Je ne peux pas accorder à M. Neault une déduction quotidienne supérieure à celle de 45 $ qui est fixée pour la méthode simplifiée, et sur laquelle l’ARC s’est fondée pour établir la nouvelle cotisation à son égard pour l’année d’imposition 2004. Si M. Neault voulait déduire plus de 45 $ par jour, il lui fallait utiliser la méthode détaillée qui est par ailleurs prévue par la législation fiscale, et qui exige de tenir des carnets de route et de conserver des reçus. Bien que les indemnités pour repas accordées par le Conseil du Trésor puissent donner à penser qu’un contribuable pourrait raisonnablement déduire plus de 45 $ par jour, je ne peux pas accueillir la demande de M. Neault s’il est incapable d’établir qu’il a bel et bien dépensé au-delà de 45 $ chaque jour, et que chacun de ces jours était admissible. M. Neault n’a pas su en faire la preuve.

 

III.    CONCLUSION

 

[23]         Il ne fait aucun doute que, durant les années d’imposition pertinentes, M. Stogrin a supporté, à titre d’employé d’une entreprise de transport, des frais de repas et de logement non remboursés alors qu’il voyageait à l’extérieur de la municipalité dans laquelle était situé son employeur, comme l’exigent les alinéas 8(1)g) et h) de la Loi pour l’obtention d’une déduction.

 

[24]         L’appelant a invoqué l’article 8 et le paragraphe 15(1) de la Charte pour soutenir que l’application de la méthode simplifiée est inéquitable. Les décisions rendues dans ce domaine ont établi que la restriction prévue à l’article 67.1 de la Loi ne donne pas lieu à une saisie ni ne crée une distinction qui, de par son objet ou son effet, contrevient à la Charte.

 

[25]         Tout comme les demandeurs dans la décision Smith, précitée, et l’appelant dans la décision Gaudet c. Canada[12], l’appelant soutient, en l’espèce, qu’il est victime d’une discrimination fondée sur le statut professionnel. Il avance qu’il devrait recevoir une déduction fiscale qui lui permettrait de réaliser une économie d’impôt à peu près équivalente aux avantages économiques dont bénéficient les employés du gouvernement fédéral à l’égard de dépenses similaires.

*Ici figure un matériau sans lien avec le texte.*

lemma injective_family_XM:
  assumes z: "zero_one_matrix N A" and irr: "irreducible_matrix N A" and np: "\<not> permutation_matrix N A"
  obtains \<Phi> :: "(nat \<Rightarrow> bool) \<Rightarrow> nat \<Rightarrow> nat" and v
  where "inj \<Phi>" "\<And>s. \<Phi> s \<in> XM N A" "\<And>s. \<Phi> s 0 = v"
proof -
  obtain v Q d1 d2 where d1: "apath N A Q d1 v v" and d2: "apath N A Q d2 v v"
    and d12: "d1 1 \<noteq> d2 1" and Q: "Q > 1"
    using branching_loops[OF z irr np] .
  define \<Phi> where "\<Phi> s t = (if s (t div Q) then d1 else d2) (t mod Q)" for s t
  have "\<Phi> s \<in> XM N A" for s
    using concat_loops_XM[of N A Q "\<lambda>k. if s k then d1 else d2" v] d1 d2 Q
    unfolding \<Phi>_def by (simp add: if_distrib)
  moreover have "\<Phi> s 0 = v" for s
    using d1 d2 unfolding \<Phi>_def apath_def by simp
  moreover have "inj \<Phi>"
  proof (rule injI)
    fix s s' assume eq: "\<Phi> s = \<Phi> s'"
    show "s = s'"
    proof
      fix k
      have "(1 + k * Q) div Q = k" "(1 + k * Q) mod Q = 1"
        using Q by (simp_all only: div_mult_self1 mod_mult_self1) simp_all
      then show "s k = s' k"
        using fun_cong[OF eq, of "1 + k * Q"] d12 unfolding \<Phi>_def by (auto split: if_splits)
    qed
  qed
  ultimately show thesis using that by blast
qed

lemma funpow_shift: "(shift ^^ i) x = (\<lambda>t. x (t + i))"
  by (induction i arbitrary: x) (auto simp: shift_def)

lemma uncountable_UNIV_nat_bool_fun: "\<not> countable (UNIV :: (nat \<Rightarrow> bool) set)"
proof
  assume "countable (UNIV :: (nat \<Rightarrow> bool) set)"
  then have "range (from_nat_into (UNIV :: (nat \<Rightarrow> bool) set)) = UNIV"
    by (simp add: range_from_nat_into)
  then obtain k where "from_nat_into UNIV k = (\<lambda>n. \<not> from_nat_into UNIV n n)"
    by (metis UNIV_I imageE)
  from fun_cong[OF this, of k] show False by simp
qed

lemma eventually_periodic_reduce:
  fixes x :: "nat \<Rightarrow> 'a"
  assumes per: "\<And>t. x (t + i + p) = x (t + i)" and p: "p > 0" and t: "i \<le> t"
  shows "x t = x (i + (t - i) mod p)"
proof -
  have "x (i + r + q * p) = x (i + r)" for r q
  proof (induction q)
    case (Suc q)
    then show ?case using per[of "r + q * p"] by (simp add: algebra_simps)
  qed simp
  from this[of "(t - i) mod p" "(t - i) div p"] show ?thesis
    using t by (simp add: add.assoc)
qed

lemma countable_not_aperiodic: "countable {x. \<not> aperiodic x}"
proof -
  define decode :: "nat \<times> nat \<times> nat list \<Rightarrow> nat \<Rightarrow> nat"
    where "decode = (\<lambda>(i, p, xs) t. xs ! (if t < i then t else i + (t - i) mod p))"
  have "{x. \<not> aperiodic x} \<subseteq> range decode"
  proof
    fix x assume "x \<in> {x. \<not> aperiodic x}"
    then obtain i j where "(shift ^^ i) x = (shift ^^ j) x" "i \<noteq> j"
      unfolding aperiodic_def by blast
    then obtain i j where ij: "(shift ^^ i) x = (shift ^^ j) x" "i < j"
      by (metis nat_neq_iff)
    define p where "p = j - i"
    have p: "p > 0" using ij by (simp add: p_def)
    have per: "x (t + i + p) = x (t + i)" for t
      using fun_cong[OF ij(1), of t] ij(2) by (simp add: funpow_shift p_def)
    have "x = decode (i, p, map x [0..<i + p])"
    proof
      fix t
      have "i + (t - i) mod p < i + p" using p by simp
      then show "x t = decode (i, p, map x [0..<i + p]) t"
        using eventually_periodic_reduce[OF per p, of t] by (simp add: decode_def del: upt_Suc)
    qed
    then show "x \<in> range decode" by blast
  qed
  then show ?thesis by (rule countable_subset) simp
qed

lemma dense_aperiodic:
  assumes z: "zero_one_matrix N A" and irr: "irreducible_matrix N A" and np: "\<not> permutation_matrix N A"
    and a: "a \<in> XM N A"
  obtains u where "u \<in> XM N A" "aperiodic u" "\<forall>i<n. u i = a i"
proof -
  obtain \<Phi> :: "(nat \<Rightarrow> bool) \<Rightarrow> nat \<Rightarrow> nat" and v
    where inj: "inj \<Phi>" and \<Phi>: "\<And>s. \<Phi> s \<in> XM N A" and \<Phi>0: "\<And>s. \<Phi> s 0 = v"
    using injective_family_XM[OF z irr np] by blast
  have v: "v \<in> {1..N}" using \<Phi>[of undefined] \<Phi>0[of undefined] unfolding XM_def by force
  have an: "a n \<in> {1..N}" using a unfolding XM_def by auto
  obtain m r where "m > 0" and r: "apath N A m r (a n) v" using apath_irreducible[OF z irr an v] .
  define \<Psi> where "\<Psi> s t = (if t < n then a t else if t - n < m then r (t - n) else \<Phi> s (t - n - m))" for s t
  have "\<Psi> s \<in> XM N A" for s
  proof -
    have "r 0 = a n" using r unfolding apath_def by simp
    then have "(\<lambda>t. if t < m then r t else \<Phi> s (t - m)) 0 = a n" using \<open>m > 0\<close> by simp
    from apath_append_XM[OF apath_of_XM[OF a] apath_append_XM[OF r \<Phi> \<Phi>0] this]
    show ?thesis unfolding \<Psi>_def .
  qed
  moreover have "inj \<Psi>"
  proof (rule injI)
    fix s s' assume "\<Psi> s = \<Psi> s'"
    then have "\<Phi> s t = \<Phi> s' t" for t
      using fun_cong[of "\<Psi> s" "\<Psi> s'" "t + m + n"] unfolding \<Psi>_def by simp
    then show "s = s'" using inj by (meson ext injD)
  qed
  \<comment> \<open>Uncountably many extensions of the prefix, but only countably many eventually periodic sequences.\<close>
  moreover have "\<exists>s. aperiodic (\<Psi> s)"
  proof (rule ccontr)
    assume "\<nexists>s. aperiodic (\<Psi> s)"
    then have "countable (range \<Psi>)"
      by (auto intro: countable_subset[OF _ countable_not_aperiodic])
    then show False
      using countable_image_inj_on[OF _ \<open>inj \<Psi>\<close>] uncountable_UNIV_nat_bool_fun by blast
  qed
  moreover have "\<forall>i<n. \<Psi> s i = a i" for s unfolding \<Psi>_def by simp
  ultimately show thesis using that by blast
qed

La Cour suprême du Canada a rejeté cet argument. La jurisprudence est constante à ce sujet : l’article 67.1 de la Loi est conforme à la Charte.

 

[26]         L’ARC n’a donc pas fait preuve de discrimination à l’égard de M. Stogrin en appliquant la restriction aux déductions pour frais de repas et de logement demandées par l’appelant au titre de l’article 67.1 de la Loi. Les arguments de l’appelant fondés sur la Charte ont été rejetés pour les motifs exposés dans les jugements que nous avons cités. Les déductions qui ont été calculées relativement aux cotisations fiscales pour les années 2006 et 2007 de l’appelant, après l’application de la restriction, doivent être maintenues. Je tiens à souligner, toutefois, que l’avocat de l’intimée a écrit à la Cour après l’audience, pour admettre que l’appelant avait le droit de déduire d’autres dépenses d’emploi de 1 020 $ et de 1 224 $ pour les années d’imposition 2006 et 2007, respectivement, en application des articles 8 et 67.1 de la Loi. Ces montants représentent 40 autres jours de déplacement.

 

[27]         Pour les motifs exposés ci‑dessus, l’appel est accueilli en partie seulement, et l’affaire est déférée au ministre pour qu’il procède à un nouvel examen et établisse de nouvelles cotisations en tenant compte du fait que l’appelant a droit à des déductions supplémentaires de 1 020 $ et de 1 224 $ pour les années d’imposition 2006 et 2007, respectivement.

 

Signé à Ottawa, Canada, ce 22e jour de novembre 2011.

 

 

 

« Robert J. Hogan »

Juge Robert J. Hogan

 

 

 

 

 

Traduction certifiée conforme

ce 15jour de février 2012.

 

 

 

Mario Lagacé, jurilinguiste


RÉFÉRENCE :                                  2011 CCI 532

 

NO DU DOSSIER DE LA COUR :     2010-3405(IT)I

 

INTITULÉ :                                       MYRON C. STOGRIN

                                                          c.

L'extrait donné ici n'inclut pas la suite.